-------- Data extract

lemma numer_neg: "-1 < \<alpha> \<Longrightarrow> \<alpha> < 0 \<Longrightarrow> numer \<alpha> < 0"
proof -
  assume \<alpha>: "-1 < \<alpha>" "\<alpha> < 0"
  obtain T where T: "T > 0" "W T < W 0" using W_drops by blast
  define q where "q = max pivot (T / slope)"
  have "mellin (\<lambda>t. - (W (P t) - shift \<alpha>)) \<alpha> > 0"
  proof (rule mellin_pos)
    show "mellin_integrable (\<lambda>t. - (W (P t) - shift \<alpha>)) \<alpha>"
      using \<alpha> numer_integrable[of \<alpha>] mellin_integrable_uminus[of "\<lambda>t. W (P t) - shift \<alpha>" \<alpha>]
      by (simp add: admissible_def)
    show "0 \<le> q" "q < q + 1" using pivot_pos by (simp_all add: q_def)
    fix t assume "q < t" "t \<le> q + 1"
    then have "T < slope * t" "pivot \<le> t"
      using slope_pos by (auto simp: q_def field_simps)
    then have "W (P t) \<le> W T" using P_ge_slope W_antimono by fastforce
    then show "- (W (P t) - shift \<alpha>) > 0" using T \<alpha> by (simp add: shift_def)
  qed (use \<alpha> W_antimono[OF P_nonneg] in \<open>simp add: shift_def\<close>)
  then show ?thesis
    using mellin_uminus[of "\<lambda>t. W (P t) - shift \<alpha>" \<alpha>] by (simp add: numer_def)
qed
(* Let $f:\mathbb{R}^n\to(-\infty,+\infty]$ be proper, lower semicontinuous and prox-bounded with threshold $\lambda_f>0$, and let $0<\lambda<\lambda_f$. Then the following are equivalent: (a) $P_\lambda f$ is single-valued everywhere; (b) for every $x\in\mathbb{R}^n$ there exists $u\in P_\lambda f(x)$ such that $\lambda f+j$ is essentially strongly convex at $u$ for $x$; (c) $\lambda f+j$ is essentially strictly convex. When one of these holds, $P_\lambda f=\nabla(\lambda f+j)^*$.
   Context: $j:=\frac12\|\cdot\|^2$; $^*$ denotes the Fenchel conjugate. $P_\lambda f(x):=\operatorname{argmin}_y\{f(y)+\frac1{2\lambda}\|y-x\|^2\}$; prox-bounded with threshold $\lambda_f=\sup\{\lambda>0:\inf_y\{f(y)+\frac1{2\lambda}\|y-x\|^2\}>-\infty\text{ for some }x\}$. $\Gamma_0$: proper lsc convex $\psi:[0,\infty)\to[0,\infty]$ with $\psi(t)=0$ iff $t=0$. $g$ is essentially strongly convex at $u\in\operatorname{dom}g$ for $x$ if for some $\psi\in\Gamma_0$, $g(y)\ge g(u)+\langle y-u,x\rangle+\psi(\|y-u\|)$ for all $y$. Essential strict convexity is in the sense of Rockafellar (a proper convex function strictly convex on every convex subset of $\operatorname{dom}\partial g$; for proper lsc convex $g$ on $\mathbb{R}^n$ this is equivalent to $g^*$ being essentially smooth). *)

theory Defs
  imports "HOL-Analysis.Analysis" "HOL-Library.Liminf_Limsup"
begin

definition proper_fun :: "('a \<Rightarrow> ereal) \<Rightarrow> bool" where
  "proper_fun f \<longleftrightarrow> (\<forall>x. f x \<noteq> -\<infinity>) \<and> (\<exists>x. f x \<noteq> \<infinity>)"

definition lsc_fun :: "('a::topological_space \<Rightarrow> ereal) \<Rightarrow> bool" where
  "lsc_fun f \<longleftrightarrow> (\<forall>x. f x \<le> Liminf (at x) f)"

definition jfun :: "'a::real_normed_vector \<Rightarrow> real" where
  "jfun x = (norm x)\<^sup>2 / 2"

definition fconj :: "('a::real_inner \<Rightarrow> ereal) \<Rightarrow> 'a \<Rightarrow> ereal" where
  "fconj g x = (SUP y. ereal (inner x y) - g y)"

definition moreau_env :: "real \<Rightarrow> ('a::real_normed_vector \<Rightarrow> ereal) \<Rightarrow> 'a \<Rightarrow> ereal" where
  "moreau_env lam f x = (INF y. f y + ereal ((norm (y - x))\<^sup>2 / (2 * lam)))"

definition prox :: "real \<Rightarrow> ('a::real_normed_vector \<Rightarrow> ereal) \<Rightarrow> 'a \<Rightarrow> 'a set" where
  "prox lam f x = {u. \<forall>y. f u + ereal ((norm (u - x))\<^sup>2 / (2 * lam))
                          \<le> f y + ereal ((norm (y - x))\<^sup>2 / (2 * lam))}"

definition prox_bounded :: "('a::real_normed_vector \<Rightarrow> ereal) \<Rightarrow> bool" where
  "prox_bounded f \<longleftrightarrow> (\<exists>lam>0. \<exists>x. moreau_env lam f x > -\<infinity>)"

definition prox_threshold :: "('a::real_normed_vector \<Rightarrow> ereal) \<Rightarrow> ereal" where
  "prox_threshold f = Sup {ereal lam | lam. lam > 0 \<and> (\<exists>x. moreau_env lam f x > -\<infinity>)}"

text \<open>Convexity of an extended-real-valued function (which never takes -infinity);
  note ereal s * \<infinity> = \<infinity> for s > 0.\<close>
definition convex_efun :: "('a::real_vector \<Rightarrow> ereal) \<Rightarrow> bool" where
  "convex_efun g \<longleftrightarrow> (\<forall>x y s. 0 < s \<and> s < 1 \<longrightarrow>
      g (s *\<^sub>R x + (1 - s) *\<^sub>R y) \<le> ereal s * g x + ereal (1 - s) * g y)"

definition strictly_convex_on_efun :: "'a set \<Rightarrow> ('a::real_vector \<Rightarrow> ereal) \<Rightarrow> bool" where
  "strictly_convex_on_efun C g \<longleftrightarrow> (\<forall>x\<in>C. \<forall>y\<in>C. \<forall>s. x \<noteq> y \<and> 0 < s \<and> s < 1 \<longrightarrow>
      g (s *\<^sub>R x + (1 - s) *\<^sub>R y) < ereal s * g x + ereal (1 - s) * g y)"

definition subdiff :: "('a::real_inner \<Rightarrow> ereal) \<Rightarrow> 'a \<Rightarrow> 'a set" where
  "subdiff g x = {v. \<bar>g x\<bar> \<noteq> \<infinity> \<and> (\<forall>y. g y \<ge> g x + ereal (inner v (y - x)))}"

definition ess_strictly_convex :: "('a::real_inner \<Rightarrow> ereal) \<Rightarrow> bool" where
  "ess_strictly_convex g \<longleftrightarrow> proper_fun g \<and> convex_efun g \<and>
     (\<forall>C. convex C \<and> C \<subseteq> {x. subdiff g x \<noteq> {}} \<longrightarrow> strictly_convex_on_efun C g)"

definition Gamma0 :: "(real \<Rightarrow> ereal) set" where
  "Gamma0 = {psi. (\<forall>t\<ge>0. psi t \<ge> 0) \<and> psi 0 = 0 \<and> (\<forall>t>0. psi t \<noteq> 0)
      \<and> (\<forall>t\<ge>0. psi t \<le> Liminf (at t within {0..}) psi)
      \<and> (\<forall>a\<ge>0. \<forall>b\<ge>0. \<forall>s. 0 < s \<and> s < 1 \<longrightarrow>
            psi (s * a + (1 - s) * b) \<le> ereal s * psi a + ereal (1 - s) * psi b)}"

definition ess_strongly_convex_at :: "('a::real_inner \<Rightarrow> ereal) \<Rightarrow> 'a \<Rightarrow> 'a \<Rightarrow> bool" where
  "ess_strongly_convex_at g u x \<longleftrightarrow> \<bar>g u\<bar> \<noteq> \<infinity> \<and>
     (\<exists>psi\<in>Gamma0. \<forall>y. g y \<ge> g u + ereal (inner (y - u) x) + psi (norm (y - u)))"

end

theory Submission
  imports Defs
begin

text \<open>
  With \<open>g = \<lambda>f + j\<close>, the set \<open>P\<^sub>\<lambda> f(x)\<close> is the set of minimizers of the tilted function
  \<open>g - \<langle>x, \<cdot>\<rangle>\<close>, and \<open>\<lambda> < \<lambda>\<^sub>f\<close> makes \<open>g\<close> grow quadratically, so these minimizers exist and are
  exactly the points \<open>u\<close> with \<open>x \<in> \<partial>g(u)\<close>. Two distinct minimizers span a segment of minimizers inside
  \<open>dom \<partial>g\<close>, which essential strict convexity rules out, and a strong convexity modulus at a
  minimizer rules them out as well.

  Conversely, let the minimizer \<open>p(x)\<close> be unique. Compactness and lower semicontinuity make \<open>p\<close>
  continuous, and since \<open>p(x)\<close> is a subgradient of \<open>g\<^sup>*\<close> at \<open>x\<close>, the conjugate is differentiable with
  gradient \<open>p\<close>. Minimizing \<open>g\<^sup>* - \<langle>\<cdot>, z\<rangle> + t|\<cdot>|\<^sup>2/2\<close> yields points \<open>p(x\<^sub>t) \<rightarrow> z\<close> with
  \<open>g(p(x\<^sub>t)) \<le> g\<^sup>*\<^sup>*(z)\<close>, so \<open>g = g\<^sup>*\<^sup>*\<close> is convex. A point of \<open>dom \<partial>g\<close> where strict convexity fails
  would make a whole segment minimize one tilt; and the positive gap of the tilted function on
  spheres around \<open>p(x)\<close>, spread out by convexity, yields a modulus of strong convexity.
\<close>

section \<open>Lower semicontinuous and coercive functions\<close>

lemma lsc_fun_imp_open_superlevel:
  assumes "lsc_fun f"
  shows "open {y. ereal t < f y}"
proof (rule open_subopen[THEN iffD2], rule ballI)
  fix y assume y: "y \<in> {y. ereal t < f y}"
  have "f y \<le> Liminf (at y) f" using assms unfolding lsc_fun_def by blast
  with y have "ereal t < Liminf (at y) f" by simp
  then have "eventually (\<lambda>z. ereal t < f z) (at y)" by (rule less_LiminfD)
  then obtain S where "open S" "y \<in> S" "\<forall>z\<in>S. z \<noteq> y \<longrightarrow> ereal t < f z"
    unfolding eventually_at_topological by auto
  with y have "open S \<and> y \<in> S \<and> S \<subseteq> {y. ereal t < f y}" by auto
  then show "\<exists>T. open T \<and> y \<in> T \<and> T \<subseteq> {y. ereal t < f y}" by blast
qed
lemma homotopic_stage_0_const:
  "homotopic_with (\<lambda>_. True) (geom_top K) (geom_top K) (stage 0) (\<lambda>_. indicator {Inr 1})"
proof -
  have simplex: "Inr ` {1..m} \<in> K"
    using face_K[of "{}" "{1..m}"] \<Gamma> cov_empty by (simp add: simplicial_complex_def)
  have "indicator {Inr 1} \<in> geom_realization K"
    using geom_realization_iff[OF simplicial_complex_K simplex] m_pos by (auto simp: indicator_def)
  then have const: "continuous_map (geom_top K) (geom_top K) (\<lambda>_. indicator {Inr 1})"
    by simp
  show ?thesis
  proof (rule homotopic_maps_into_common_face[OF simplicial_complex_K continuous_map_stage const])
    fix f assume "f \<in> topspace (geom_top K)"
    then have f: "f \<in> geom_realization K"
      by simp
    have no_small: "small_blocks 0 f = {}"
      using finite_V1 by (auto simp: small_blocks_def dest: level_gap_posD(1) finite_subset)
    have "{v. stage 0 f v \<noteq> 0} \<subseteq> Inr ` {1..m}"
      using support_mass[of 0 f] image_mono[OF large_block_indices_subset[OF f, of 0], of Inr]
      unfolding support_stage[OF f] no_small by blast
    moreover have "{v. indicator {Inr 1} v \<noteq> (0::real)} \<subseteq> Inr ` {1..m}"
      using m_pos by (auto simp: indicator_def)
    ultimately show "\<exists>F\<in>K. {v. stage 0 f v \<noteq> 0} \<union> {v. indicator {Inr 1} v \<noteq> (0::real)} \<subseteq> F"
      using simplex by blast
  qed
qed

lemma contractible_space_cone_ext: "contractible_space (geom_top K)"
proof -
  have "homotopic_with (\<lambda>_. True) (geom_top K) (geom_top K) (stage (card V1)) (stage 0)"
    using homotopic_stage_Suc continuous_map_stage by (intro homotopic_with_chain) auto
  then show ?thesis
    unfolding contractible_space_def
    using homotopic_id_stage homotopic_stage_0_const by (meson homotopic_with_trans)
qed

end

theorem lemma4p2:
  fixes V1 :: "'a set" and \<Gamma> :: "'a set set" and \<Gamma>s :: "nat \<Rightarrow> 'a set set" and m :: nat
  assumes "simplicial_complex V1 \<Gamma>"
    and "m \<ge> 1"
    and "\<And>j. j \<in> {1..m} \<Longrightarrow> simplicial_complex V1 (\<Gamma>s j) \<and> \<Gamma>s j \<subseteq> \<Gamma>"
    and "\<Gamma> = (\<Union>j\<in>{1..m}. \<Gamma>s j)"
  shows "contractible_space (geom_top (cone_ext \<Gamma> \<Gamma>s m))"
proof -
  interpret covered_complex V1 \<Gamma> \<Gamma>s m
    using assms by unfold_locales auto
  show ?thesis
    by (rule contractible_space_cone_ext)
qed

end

----------------

Exercise goal:
The number of lines in the data that hold "cdot" must be the entire answer.

Answer box:
3